(Data entries)
══════════
text \<open>Every time step is an instance of one static fact: if \<open>T\<close> is known, \<open>D = supp x - T\<close>,
  \<open>|T| + 2|D| \<le> s\<close> and \<open>\<delta>\<^sub>s < 0.3\<close>, then \<open>x\<close> is the unique minimiser of \<open>\<parallel>b\<^bsub>T\<^sup>c\<^esub>\<parallel>\<^sub>1\<close>
  subject to \<open>A b = A x\<close>. This reduces to a null space property: a nonzero kernel vector \<open>h\<close>
  satisfies \<open>\<parallel>h\<^bsub>D\<^esub>\<parallel>\<^sub>1 < \<parallel>h\<^bsub>(T \<union> D)\<^sup>c\<^esub>\<parallel>\<^sub>1\<close>. Otherwise cut the complement of \<open>S = T \<union> D\<close> into
  blocks of \<open>|D|\<close> entries of decreasing size (Candes' shelling); the RIP bounds the correlation of
  \<open>A h\<^bsub>S\<^esub>\<close> and of \<open>A\<close> applied to the first block with everything beyond it, and \<open>A h = 0\<close> then
  yields a positive definite quadratic inequality in \<open>\<parallel>h\<^bsub>S\<^esub>\<parallel>\<close> and the first block's norm, forcing
  \<open>h = 0\<close>. With \<open>T = supp x\<^bsub>t-1\<^esub>\<close> (the previous estimate, by induction) one has
  \<open>|T| + 2|D| = s\<^sub>t + u\<^sub>t + e\<^sub>t\<close>, and \<open>T = {}\<close> gives \<open>2 s\<^sub>0\<close> at \<open>t = 0\<close>.\<close>

definition vec_restrict :: "real ^ 'm \<Rightarrow> 'm set \<Rightarrow> real ^ 'm" where
  "vec_restrict h U = (\<chi> i. if i \<in> U then h $ i else 0)"
(* Let $R$ be a commutative ring in which every prime ideal is maximal. Let $X$ be the set of maximal ideals $P$ of $R$ such that $PR_P=0$, and let $A$ be the kernel of the natural map $R\to\prod_{P\in X}R_P$. If $R$ is P-coherent, then $A$ is a pure ideal of $R$ (a pure submodule of $R$) and $X=V(A)$.
   Context: $R$ is P-coherent if every principal ideal is finitely presented. An ideal $A$ is pure if $A\to R$ remains injective after tensoring with every module. $V(A)$ is the set of prime ideals containing $A$. *)

theory Defs
  imports Main "HOL.Modules"
begin

definition ideal :: "'a::comm_ring_1 set \<Rightarrow> bool" where
  "ideal I \<longleftrightarrow> 0 \<in> I \<and> (\<forall>x\<in>I. \<forall>y\<in>I. x + y \<in> I) \<and> (\<forall>r. \<forall>x\<in>I. r * x \<in> I)"

definition prime_ideal :: "'a::comm_ring_1 set \<Rightarrow> bool" where
  "prime_ideal P \<longleftrightarrow> ideal P \<and> P \<noteq> UNIV \<and> (\<forall>a b. a * b \<in> P \<longrightarrow> a \<in> P \<or> b \<in> P)"

definition maximal_ideal :: "'a::comm_ring_1 set \<Rightarrow> bool" where
  "maximal_ideal P \<longleftrightarrow> ideal P \<and> P \<noteq> UNIV \<and>
     (\<forall>J. ideal J \<and> P \<subseteq> J \<longrightarrow> J = P \<or> J = UNIV)"

definition V :: "'a::comm_ring_1 set \<Rightarrow> 'a set set" where
  "V A = {P. prime_ideal P \<and> A \<subseteq> P}"

definition principal_ideal :: "'a::comm_ring_1 \<Rightarrow> 'a set" where
  "principal_ideal a = {r * a | r. True}"

text \<open>In R_P = (R - P)^{-1} R one has r/1 = 0 iff s*r = 0 for some s not in P.\<close>
definition loc_zero :: "'a::comm_ring_1 set \<Rightarrow> 'a \<Rightarrow> bool" where
  "loc_zero P r \<longleftrightarrow> (\<exists>s. s \<notin> P \<and> s * r = 0)"
lemma green_rectangle:
  fixes P :: "complex \<Rightarrow> 'b::banach"
  assumes "closed_form_on P Q U" "\<And>x y. x \<in> {a..b} \<Longrightarrow> y \<in> {c..d} \<Longrightarrow> Complex x y \<in> U"
    and "a \<le> b" "c \<le> d"
  shows "boundary_integral P Q a b c d = 0"
proof -
  obtain Px Py Qx Qy where P: "cont_partials P Px Py U" and Q: "cont_partials Q Qx Qy U"
    and closed: "\<And>z. z \<in> U \<Longrightarrow> Py z = Qx z"
    using assms(1) unfolding closed_form_on_def by blast
  note inU = assms(2)
  have ftcP: "((\<lambda>y. Py (Complex x y)) has_integral (P (Complex x d) - P (Complex x c))) {c..d}"
    if x: "x \<in> {a..b}" for x
  proof -
    have "((\<lambda>y. P (Complex x y)) has_vector_derivative Py (Complex x y)) (at y within {c..d})"
      if "y \<in> {c..d}" for y
      using cont_partials_vline_derivative[OF P inU[OF x that]]
      by (rule has_vector_derivative_at_within)
    from fundamental_theorem_of_calculus[OF \<open>c \<le> d\<close> this] show ?thesis by simp
  qed
  have ftcQ: "((\<lambda>x. Qx (Complex x y)) has_integral (Q (Complex b y) - Q (Complex a y))) {a..b}"
    if y: "y \<in> {c..d}" for y
  proof -
    have "((\<lambda>x. Q (Complex x y)) has_vector_derivative Qx (Complex x y)) (at x within {a..b})"
      if "x \<in> {a..b}" for x
      using cont_partials_hline_derivative[OF Q inU[OF that y]]
      by (rule has_vector_derivative_at_within)
    from fundamental_theorem_of_calculus[OF \<open>a \<le> b\<close> this] show ?thesis by simp
  qed
  have "continuous_on (cbox (a, c) (b, d)) (\<lambda>(x, y). Py (Complex x y))"
  proof -
    have "continuous_on (cbox (a, c) (b, d)) (\<lambda>p. Complex (fst p) (snd p))"
      unfolding Complex_eq by (intro continuous_intros)
    moreover have "continuous_on U Py"
      using P unfolding cont_partials_def by blast
    moreover have "(\<lambda>p. Complex (fst p) (snd p)) ` cbox (a, c) (b, d) \<subseteq> U"
      using inU by (auto simp: cbox_Pair_eq)
    ultimately show ?thesis
      unfolding split_beta by (metis (no_types) continuous_on_compose2)
  qed
  note fubini = integral_swap_continuous[OF this]
  have contP: "continuous_on U P" and contQ: "continuous_on U Q"
    using closed_form_on_continuous[OF assms(1)] by auto
  have "hline_integral P d a b - hline_integral P c a b =
      integral {a..b} (\<lambda>x. P (Complex x d) - P (Complex x c))"
    unfolding hline_integral_def using assms(3,4) inU
    by (intro integral_diff[symmetric] hline_integrable[OF contP]) auto
  also have "\<dots> = integral {a..b} (\<lambda>x. integral {c..d} (\<lambda>y. Py (Complex x y)))"
    by (intro integral_cong integral_unique[symmetric] ftcP)
  also have "\<dots> = integral {c..d} (\<lambda>y. integral {a..b} (\<lambda>x. Py (Complex x y)))"
    using fubini by simp
  also have "\<dots> = integral {c..d} (\<lambda>y. integral {a..b} (\<lambda>x. Qx (Complex x y)))"
    by (intro integral_cong) (simp add: closed inU)
  also have "\<dots> = integral {c..d} (\<lambda>y. Q (Complex b y) - Q (Complex a y))"
    by (intro integral_cong integral_unique ftcQ)
  also have "\<dots> = vline_integral Q b c d - vline_integral Q a c d"
    unfolding vline_integral_def using assms(3,4) inU
    by (intro integral_diff vline_integrable[OF contQ]) auto
  finally show ?thesis
    unfolding boundary_integral_def by (simp add: algebra_simps)
qed

abbreviation square_boundary_integral ::
  "(complex \<Rightarrow> 'b::banach) \<Rightarrow> (complex \<Rightarrow> 'b) \<Rightarrow> complex \<Rightarrow> real \<Rightarrow> 'b" where
  "square_boundary_integral P Q p r \<equiv> boundary_integral P Q (Re p - r) (Re p + r) (Im p - r) (Im p + r)"

lemma boundary_integral_puncture:
  fixes P :: "complex \<Rightarrow> 'b::banach"
  assumes form: "closed_form_on P Q U"
    and inU: "\<And>x y. x \<in> {a..b} \<Longrightarrow> y \<in> {c..d} \<Longrightarrow> Complex x y \<noteq> p \<Longrightarrow> Complex x y \<in> U"
    and "0 < r" "a \<le> Re p - r" "Re p + r \<le> b" "c \<le> Im p - r" "Im p + r \<le> d"
  shows "boundary_integral P Q a b c d = square_boundary_integral P Q p r"
proof -
  define x1 x2 y1 y2 where "x1 = Re p - r" "x2 = Re p + r" "y1 = Im p - r" "y2 = Im p + r"
  have bounds: "a \<le> x1" "x1 < Re p" "Re p < x2" "x2 \<le> b" "c \<le> y1" "y1 < Im p" "Im p < y2" "y2 \<le> d"
    using assms(3-) by (auto simp: x1_x2_y1_y2_def)
  have inU': "Complex x y \<in> U" if "x \<in> {a..b}" "y \<in> {c..d}" "x \<noteq> Re p \<or> y \<noteq> Im p" for x y
    using inU that by (auto simp: complex_eq_iff)
  note contP = closed_form_on_continuous(1)[OF form] and contQ = closed_form_on_continuous(2)[OF form]
  have zero: "boundary_integral P Q a x1 c d = 0" "boundary_integral P Q x2 b c d = 0"
    "boundary_integral P Q x1 x2 c y1 = 0" "boundary_integral P Q x1 x2 y2 d = 0"
    using bounds by (auto intro!: green_rectangle[OF form] inU')
  have "boundary_integral P Q a b c d = boundary_integral P Q a x1 c d + boundary_integral P Q x1 b c d"
    using bounds by (intro boundary_integral_split_x[OF contP] conjI inU') auto
  also have "boundary_integral P Q x1 b c d = boundary_integral P Q x1 x2 c d +
      boundary_integral P Q x2 b c d"
    using bounds by (intro boundary_integral_split_x[OF contP] conjI inU') auto
  also have "boundary_integral P Q x1 x2 c d = boundary_integral P Q x1 x2 c y1 +
      boundary_integral P Q x1 x2 y1 d"
    using bounds by (intro boundary_integral_split_y[OF contQ] conjI inU') auto
  also have "boundary_integral P Q x1 x2 y1 d = boundary_integral P Q x1 x2 y1 y2 +
      boundary_integral P Q x1 x2 y2 d"
    using bounds by (intro boundary_integral_split_y[OF contQ] conjI inU') auto
  finally show ?thesis
    using zero by (simp add: x1_x2_y1_y2_def)
qed

lemma square_boundary_integral_two_punctures_x:
  fixes P :: "complex \<Rightarrow> 'b::banach"
  assumes form: "closed_form_on P Q (- {p, q})"
    and "0 < r" "Re p + r < Re q - r" "cmod p + r \<le> R" "cmod q + r \<le> R"
  shows "square_boundary_integral P Q 0 R =
    square_boundary_integral P Q p r + square_boundary_integral P Q q r"
proof -
  define m where "m = (Re p + Re q) / 2"
  have m: "Re p + r < m" "m < Re q - r"
    using assms(3) by (auto simp: m_def)
  have "\<bar>Re p\<bar> + r \<le> R" "\<bar>Im p\<bar> + r \<le> R" "\<bar>Re q\<bar> + r \<le> R" "\<bar>Im q\<bar> + r \<le> R"
    using assms(4,5) abs_Re_le_cmod abs_Im_le_cmod by (smt (verit))+
  then have "square_boundary_integral P Q 0 R = boundary_integral P Q (- R) m (- R) R +
      boundary_integral P Q m R (- R) R"
    and "boundary_integral P Q (- R) m (- R) R = square_boundary_integral P Q p r"
    and "boundary_integral P Q m R (- R) R = square_boundary_integral P Q q r"
    using m \<open>0 < r\<close>
    by (auto intro!: boundary_integral_split_x[OF closed_form_on_continuous(1)[OF form]]
        boundary_integral_puncture[OF form] simp: complex_eq_iff)
  then show ?thesis by simp
qed

lemma square_boundary_integral_two_punctures_y:
  fixes P :: "complex \<Rightarrow> 'b::banach"
  assumes form: "closed_form_on P Q (- {p, q})"
    and "0 < r" "Im p + r < Im q - r" "cmod p + r \<le> R" "cmod q + r \<le> R"
  shows "square_boundary_integral P Q 0 R =
    square_boundary_integral P Q p r + square_boundary_integral P Q q r"
proof -
  define m where "m = (Im p + Im q) / 2"
  have m: "Im p + r < m" "m < Im q - r"
    using assms(3) by (auto simp: m_def)
  have "\<bar>Re p\<bar> + r \<le> R" "\<bar>Im p\<bar> + r \<le> R" "\<bar>Re q\<bar> + r \<le> R" "\<bar>Im q\<bar> + r \<le> R"
    using assms(4,5) abs_Re_le_cmod abs_Im_le_cmod by (smt (verit))+
  then have "square_boundary_integral P Q 0 R = boundary_integral P Q (- R) R (- R) m +
      boundary_integral P Q (- R) R m R"
    and "boundary_integral P Q (- R) R (- R) m = square_boundary_integral P Q p r"
    and "boundary_integral P Q (- R) R m R = square_boundary_integral P Q q r"
    using m \<open>0 < r\<close>
    by (auto intro!: boundary_integral_split_y[OF closed_form_on_continuous(2)[OF form]]
        boundary_integral_puncture[OF form] simp: complex_eq_iff)
  then show ?thesis by simp
qed

lemma square_boundary_integral_two_punctures:
  fixes P :: "complex \<Rightarrow> 'b::banach"
  assumes form: "closed_form_on P Q (- {p, q})"
    and "0 < r" "4 * r < cmod (p - q)" "cmod p + r \<le> R" "cmod q + r \<le> R"
  shows "square_boundary_integral P Q 0 R =
    square_boundary_integral P Q p r + square_boundary_integral P Q q r"
proof -
  have form': "closed_form_on P Q (- {q, p})"
    using form by (simp add: insert_commute)
  have "cmod (p - q) \<le> \<bar>Re p - Re q\<bar> + \<bar>Im p - Im q\<bar>"
    using cmod_le[of "p - q"] by simp
  then consider "Re p + r < Re q - r" | "Re q + r < Re p - r"
    | "Im p + r < Im q - r" | "Im q + r < Im p - r"
    using assms(3) by linarith
  then show ?thesis
  proof cases
    case 1
    then show ?thesis using square_boundary_integral_two_punctures_x[OF form] assms(2,4,5) by blast
  next
    case 2
    then show ?thesis using square_boundary_integral_two_punctures_x[OF form'] assms(2,4,5)
      by (simp add: add.commute)
  next
    case 3
    then show ?thesis using square_boundary_integral_two_punctures_y[OF form] assms(2,4,5) by blast
  next
    case 4
    then show ?thesis using square_boundary_integral_two_punctures_y[OF form'] assms(2,4,5)
      by (simp add: add.commute)
  qed
qed

text \<open>The \<open>j\<close>-component of \<open>\<integral> H dz\<close>, \<open>dz = dx + j dy\<close>, over the boundary of the square with
  centre \<open>p\<close> and half side \<open>r\<close>.\<close>
definition square_integral :: "(complex \<Rightarrow> bicomplex) \<Rightarrow> complex \<Rightarrow> real \<Rightarrow> complex" where
  "square_integral H p r = square_boundary_integral (\<lambda>z. snd (H z)) (\<lambda>z. fst (H z)) p r"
══════════
**Exercise:** Exactly repeat the lines above, from the opening line through the one with "yields a positive", and include nothing else.

**Output below:**
text \<open>Every time step is an instance of one static fact: if \<open>T\<close> is known, \<open>D = supp x - T\<close>,
  \<open>|T| + 2|D| \<le> s\<close> and \<open>\<delta>\<^sub>s < 0.3\<close>, then \<open>x\<close> is the unique minimiser of \<open>\<parallel>b\<^bsub>T\<^sup>c\<^esub>\<parallel>\<^sub>1\<close>
  subject to \<open>A b = A x\<close>. This reduces to a null space property: a nonzero kernel vector \<open>h\<close>
  satisfies \<open>\<parallel>h\<^bsub>D\<^esub>\<parallel>\<^sub>1 < \<parallel>h\<^bsub>(T \<union> D)\<^sup>c\<^esub>\<parallel>\<^sub>1\<close>. Otherwise cut the complement of \<open>S = T \<union> D\<close> into
  blocks of \<open>|D|\<close> entries of decreasing size (Candes' shelling); the RIP bounds the correlation of
  \<open>A h\<^bsub>S\<^esub>\<close> and of \<open>A\<close> applied to the first block with everything beyond it, and \<open>A h = 0\<close> then
  yields a positive definite quadratic inequality in \<open>\<parallel>h\<^bsub>S\<^esub>\<parallel>\<close> and the first block's norm, forcing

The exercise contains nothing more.